• _TASK DIRECTIONS_
Search the records for the string "assumes". Copy each line where it occurs.

--------------------------------------------------

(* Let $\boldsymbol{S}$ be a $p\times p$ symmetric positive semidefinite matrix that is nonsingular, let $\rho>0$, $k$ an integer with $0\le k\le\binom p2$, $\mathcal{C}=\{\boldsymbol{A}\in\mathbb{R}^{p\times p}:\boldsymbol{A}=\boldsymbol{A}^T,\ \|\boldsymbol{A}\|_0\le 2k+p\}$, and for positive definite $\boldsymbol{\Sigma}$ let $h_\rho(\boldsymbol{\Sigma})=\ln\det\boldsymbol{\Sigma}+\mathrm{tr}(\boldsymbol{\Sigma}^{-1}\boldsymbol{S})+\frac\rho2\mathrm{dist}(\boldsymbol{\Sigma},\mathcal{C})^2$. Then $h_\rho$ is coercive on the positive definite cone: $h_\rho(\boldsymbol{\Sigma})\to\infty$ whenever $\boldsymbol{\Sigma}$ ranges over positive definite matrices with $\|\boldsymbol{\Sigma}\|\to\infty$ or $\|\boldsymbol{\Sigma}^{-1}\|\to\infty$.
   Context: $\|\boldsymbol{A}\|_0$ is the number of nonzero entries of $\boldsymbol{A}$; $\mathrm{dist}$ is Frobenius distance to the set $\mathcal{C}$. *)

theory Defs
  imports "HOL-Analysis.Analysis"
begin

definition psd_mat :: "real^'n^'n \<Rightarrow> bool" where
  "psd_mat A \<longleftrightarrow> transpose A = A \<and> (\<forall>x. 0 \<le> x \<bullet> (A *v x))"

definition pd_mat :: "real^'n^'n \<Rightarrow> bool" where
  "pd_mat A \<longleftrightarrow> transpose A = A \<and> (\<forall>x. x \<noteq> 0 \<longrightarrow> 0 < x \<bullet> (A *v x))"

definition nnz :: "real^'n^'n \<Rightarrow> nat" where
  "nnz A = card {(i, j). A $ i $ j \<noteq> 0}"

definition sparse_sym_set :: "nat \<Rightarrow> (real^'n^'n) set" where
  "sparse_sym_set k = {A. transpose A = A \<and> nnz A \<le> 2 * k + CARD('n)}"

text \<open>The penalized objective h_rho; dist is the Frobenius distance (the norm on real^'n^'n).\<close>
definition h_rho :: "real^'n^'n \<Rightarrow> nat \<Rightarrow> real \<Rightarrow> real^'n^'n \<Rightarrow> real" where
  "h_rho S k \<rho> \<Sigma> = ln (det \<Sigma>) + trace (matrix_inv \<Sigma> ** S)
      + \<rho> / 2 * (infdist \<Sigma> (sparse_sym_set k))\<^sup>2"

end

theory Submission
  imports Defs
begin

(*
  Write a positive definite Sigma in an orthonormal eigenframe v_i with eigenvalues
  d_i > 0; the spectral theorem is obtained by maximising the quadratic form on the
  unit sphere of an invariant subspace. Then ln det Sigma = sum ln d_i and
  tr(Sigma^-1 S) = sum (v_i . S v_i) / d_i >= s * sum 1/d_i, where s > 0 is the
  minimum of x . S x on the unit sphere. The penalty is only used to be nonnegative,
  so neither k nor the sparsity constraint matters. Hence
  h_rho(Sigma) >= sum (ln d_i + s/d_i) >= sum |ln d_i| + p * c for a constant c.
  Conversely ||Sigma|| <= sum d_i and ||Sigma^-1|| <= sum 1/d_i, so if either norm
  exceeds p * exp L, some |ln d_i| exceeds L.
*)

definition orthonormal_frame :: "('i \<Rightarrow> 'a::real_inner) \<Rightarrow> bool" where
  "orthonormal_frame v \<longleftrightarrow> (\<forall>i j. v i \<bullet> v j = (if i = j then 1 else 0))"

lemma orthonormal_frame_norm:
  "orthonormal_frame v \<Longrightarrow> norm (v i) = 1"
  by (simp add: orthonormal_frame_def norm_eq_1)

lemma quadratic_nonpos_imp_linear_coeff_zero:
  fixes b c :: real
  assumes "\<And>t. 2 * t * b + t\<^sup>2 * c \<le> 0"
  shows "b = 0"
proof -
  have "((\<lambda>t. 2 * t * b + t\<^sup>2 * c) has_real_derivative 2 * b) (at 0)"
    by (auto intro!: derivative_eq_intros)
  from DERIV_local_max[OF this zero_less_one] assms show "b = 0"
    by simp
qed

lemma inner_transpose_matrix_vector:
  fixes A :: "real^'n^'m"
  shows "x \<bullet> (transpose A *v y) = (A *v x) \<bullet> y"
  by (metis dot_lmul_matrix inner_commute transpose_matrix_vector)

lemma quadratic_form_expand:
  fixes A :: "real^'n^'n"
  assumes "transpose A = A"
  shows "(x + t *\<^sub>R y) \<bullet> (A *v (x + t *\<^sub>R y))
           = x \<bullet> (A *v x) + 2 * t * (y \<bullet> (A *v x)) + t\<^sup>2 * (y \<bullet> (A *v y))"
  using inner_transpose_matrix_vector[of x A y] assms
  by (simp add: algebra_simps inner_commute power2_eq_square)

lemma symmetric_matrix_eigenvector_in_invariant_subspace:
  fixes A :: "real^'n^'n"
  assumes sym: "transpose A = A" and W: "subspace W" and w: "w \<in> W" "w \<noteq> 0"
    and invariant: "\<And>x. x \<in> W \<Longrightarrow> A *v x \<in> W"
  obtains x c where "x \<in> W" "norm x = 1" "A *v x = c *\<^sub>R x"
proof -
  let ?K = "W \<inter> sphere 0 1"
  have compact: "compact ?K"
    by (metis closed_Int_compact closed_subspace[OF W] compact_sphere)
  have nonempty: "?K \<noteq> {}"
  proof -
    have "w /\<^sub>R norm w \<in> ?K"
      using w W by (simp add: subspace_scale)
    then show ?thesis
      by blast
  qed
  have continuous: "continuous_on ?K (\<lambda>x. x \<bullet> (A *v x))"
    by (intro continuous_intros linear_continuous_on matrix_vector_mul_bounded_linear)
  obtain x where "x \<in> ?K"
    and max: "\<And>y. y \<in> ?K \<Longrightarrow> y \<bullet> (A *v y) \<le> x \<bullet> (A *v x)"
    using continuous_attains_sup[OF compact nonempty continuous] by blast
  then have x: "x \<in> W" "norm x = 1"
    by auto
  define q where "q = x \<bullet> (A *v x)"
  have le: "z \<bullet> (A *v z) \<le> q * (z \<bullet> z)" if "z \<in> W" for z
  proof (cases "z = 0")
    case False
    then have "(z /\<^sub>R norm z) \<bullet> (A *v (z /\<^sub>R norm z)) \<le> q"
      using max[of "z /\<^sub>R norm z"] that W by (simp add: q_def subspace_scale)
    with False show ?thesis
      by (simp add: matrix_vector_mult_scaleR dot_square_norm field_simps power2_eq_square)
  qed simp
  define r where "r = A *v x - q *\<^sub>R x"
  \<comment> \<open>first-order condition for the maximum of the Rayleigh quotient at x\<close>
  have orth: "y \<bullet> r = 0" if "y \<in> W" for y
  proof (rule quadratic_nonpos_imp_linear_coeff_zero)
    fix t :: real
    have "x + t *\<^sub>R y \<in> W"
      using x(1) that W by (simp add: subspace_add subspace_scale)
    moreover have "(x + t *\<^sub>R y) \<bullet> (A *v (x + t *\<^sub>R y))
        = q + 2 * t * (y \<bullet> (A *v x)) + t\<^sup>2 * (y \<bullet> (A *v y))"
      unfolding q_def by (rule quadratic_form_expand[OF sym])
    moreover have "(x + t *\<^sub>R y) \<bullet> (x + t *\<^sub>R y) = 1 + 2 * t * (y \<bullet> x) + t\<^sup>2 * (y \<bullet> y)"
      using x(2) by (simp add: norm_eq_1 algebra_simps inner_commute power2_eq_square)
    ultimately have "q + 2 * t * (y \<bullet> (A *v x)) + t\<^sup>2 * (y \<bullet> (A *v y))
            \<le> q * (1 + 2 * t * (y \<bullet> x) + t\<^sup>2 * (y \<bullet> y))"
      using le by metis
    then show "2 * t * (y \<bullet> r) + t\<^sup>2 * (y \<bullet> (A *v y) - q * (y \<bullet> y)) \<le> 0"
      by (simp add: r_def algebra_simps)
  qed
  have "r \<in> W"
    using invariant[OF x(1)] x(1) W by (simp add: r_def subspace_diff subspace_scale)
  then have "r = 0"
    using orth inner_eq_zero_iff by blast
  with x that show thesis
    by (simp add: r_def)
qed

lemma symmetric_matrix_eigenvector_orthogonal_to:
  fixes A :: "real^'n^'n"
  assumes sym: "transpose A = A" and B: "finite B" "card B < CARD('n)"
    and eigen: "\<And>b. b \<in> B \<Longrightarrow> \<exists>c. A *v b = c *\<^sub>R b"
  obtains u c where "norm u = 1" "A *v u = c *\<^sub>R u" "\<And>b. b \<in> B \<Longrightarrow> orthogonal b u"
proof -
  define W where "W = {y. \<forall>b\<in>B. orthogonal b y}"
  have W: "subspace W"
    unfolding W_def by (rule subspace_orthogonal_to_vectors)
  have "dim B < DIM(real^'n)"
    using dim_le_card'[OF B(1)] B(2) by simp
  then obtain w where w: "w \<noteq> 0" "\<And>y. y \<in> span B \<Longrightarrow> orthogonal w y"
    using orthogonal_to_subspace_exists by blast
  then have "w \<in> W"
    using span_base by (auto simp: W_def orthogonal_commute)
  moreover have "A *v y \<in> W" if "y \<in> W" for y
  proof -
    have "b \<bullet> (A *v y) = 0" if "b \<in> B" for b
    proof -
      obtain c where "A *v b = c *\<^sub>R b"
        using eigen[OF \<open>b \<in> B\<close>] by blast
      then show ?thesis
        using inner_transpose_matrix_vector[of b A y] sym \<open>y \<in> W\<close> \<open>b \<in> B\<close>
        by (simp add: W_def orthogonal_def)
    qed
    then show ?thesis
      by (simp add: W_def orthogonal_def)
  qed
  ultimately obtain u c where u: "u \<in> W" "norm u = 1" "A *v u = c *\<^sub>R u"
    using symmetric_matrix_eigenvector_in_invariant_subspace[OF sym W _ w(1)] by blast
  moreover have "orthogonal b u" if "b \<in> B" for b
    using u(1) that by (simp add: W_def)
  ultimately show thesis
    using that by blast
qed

--------------------------------------------------

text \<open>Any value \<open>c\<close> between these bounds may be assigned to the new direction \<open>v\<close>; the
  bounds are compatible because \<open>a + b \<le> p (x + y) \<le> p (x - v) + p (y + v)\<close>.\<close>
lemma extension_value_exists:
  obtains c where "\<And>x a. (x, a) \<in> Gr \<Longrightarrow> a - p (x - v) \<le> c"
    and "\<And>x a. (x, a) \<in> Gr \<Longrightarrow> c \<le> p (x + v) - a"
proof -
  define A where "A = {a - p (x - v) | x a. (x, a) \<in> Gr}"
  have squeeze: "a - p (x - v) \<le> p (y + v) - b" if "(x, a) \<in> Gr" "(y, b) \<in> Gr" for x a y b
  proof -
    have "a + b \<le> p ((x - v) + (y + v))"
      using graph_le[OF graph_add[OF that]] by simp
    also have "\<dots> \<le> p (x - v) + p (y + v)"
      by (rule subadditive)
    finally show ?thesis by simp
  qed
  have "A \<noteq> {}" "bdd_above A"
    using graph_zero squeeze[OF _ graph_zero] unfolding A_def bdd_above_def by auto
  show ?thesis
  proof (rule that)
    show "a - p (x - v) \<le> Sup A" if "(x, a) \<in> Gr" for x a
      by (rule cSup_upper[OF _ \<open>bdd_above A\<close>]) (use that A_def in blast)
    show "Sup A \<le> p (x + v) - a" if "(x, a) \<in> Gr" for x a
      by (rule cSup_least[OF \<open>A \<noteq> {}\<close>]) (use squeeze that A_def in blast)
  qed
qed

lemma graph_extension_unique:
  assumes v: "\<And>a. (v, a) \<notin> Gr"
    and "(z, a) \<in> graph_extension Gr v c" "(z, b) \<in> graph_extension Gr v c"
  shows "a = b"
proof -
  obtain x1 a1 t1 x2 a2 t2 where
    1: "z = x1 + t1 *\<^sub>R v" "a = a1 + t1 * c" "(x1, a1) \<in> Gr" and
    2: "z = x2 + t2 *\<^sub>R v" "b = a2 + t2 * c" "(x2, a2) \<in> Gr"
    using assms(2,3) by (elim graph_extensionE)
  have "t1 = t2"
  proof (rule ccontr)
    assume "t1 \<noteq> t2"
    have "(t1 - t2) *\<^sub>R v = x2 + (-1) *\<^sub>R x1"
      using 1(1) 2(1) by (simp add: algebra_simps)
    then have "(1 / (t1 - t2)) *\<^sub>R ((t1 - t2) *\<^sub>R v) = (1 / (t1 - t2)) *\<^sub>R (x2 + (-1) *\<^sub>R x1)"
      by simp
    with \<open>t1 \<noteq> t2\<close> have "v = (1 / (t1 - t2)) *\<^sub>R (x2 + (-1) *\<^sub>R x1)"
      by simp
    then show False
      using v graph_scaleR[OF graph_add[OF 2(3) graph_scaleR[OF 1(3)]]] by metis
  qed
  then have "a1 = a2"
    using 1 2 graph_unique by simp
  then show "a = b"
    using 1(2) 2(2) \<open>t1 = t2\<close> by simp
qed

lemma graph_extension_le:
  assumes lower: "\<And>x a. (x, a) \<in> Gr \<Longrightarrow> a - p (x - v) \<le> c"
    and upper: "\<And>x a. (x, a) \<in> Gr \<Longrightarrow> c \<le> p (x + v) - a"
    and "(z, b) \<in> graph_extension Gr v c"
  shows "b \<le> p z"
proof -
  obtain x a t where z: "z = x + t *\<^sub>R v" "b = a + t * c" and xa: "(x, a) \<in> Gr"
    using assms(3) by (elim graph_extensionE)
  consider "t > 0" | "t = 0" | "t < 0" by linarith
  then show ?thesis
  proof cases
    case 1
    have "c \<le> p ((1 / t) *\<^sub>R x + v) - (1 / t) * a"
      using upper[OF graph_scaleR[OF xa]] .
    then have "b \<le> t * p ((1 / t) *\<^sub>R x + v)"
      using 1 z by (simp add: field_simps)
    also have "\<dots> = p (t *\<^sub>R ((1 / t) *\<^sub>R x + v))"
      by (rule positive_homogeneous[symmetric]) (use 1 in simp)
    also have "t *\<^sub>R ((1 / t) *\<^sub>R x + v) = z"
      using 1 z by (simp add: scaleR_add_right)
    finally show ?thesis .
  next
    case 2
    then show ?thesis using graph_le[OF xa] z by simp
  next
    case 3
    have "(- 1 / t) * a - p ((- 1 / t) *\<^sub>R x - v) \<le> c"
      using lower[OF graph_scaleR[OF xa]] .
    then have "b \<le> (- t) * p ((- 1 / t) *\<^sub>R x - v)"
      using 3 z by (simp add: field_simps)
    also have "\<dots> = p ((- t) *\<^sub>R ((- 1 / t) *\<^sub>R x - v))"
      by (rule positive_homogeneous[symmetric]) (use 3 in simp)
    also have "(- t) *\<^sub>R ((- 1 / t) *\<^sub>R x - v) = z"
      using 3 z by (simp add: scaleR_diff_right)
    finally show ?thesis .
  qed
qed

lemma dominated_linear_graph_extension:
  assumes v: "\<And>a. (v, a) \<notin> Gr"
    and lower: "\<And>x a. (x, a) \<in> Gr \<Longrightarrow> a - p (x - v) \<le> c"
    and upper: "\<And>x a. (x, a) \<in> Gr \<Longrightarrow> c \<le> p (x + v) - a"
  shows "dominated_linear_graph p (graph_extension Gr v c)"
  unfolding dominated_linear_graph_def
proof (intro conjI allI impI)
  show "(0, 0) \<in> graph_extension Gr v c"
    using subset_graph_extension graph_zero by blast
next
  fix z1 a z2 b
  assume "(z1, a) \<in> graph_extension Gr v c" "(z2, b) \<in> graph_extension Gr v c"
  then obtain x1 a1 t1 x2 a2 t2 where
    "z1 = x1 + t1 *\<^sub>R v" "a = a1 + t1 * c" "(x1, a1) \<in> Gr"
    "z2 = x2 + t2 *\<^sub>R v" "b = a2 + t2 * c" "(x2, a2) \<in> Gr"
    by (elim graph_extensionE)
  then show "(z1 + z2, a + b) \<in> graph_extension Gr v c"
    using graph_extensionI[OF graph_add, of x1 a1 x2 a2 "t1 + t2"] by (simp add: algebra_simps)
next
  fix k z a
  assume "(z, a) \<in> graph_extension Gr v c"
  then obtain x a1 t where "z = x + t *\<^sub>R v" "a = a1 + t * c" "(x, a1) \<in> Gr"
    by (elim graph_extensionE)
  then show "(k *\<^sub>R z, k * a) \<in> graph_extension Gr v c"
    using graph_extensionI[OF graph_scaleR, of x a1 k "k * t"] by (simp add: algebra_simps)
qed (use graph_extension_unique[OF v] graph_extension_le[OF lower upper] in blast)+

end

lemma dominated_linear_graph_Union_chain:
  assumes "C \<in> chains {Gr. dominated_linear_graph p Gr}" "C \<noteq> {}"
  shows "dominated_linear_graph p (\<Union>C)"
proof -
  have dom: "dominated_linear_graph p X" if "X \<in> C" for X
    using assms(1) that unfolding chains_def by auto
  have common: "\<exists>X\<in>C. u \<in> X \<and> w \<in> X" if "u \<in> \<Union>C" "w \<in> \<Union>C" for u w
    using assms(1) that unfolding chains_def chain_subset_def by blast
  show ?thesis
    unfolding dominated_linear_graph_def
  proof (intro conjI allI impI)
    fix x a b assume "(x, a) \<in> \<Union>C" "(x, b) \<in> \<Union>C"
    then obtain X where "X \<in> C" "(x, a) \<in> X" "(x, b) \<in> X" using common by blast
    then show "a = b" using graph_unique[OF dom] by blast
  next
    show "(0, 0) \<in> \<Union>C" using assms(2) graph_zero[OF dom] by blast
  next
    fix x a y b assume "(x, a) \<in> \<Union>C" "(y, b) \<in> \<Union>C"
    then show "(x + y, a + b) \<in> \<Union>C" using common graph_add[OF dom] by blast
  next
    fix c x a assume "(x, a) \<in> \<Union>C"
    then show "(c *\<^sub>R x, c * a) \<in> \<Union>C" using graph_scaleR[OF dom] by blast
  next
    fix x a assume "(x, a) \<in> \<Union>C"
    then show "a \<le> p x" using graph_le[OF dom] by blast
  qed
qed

--------------------------------------------------

• _TASK RESPONSE_
  assumes "\<And>t. 2 * t * b + t\<^sup>2 * c \<le> 0"
  assumes "transpose A = A"
  assumes sym: "transpose A = A" and W: "subspace W" and w: "w \<in> W" "w \<noteq> 0"
  assumes sym: "transpose A = A" and B: "finite B" "card B < CARD('n)"
  assumes v: "\<And>a. (v, a) \<notin> Gr"
  assumes lower: "\<And>x a. (x, a) \<in> Gr \<Longrightarrow> a - p (x - v) \<le> c"
  assumes v: "\<And>a. (v, a) \<notin> Gr"
  assumes "C \<in> chains {Gr. dominated_linear_graph p Gr}" "C \<noteq> {}"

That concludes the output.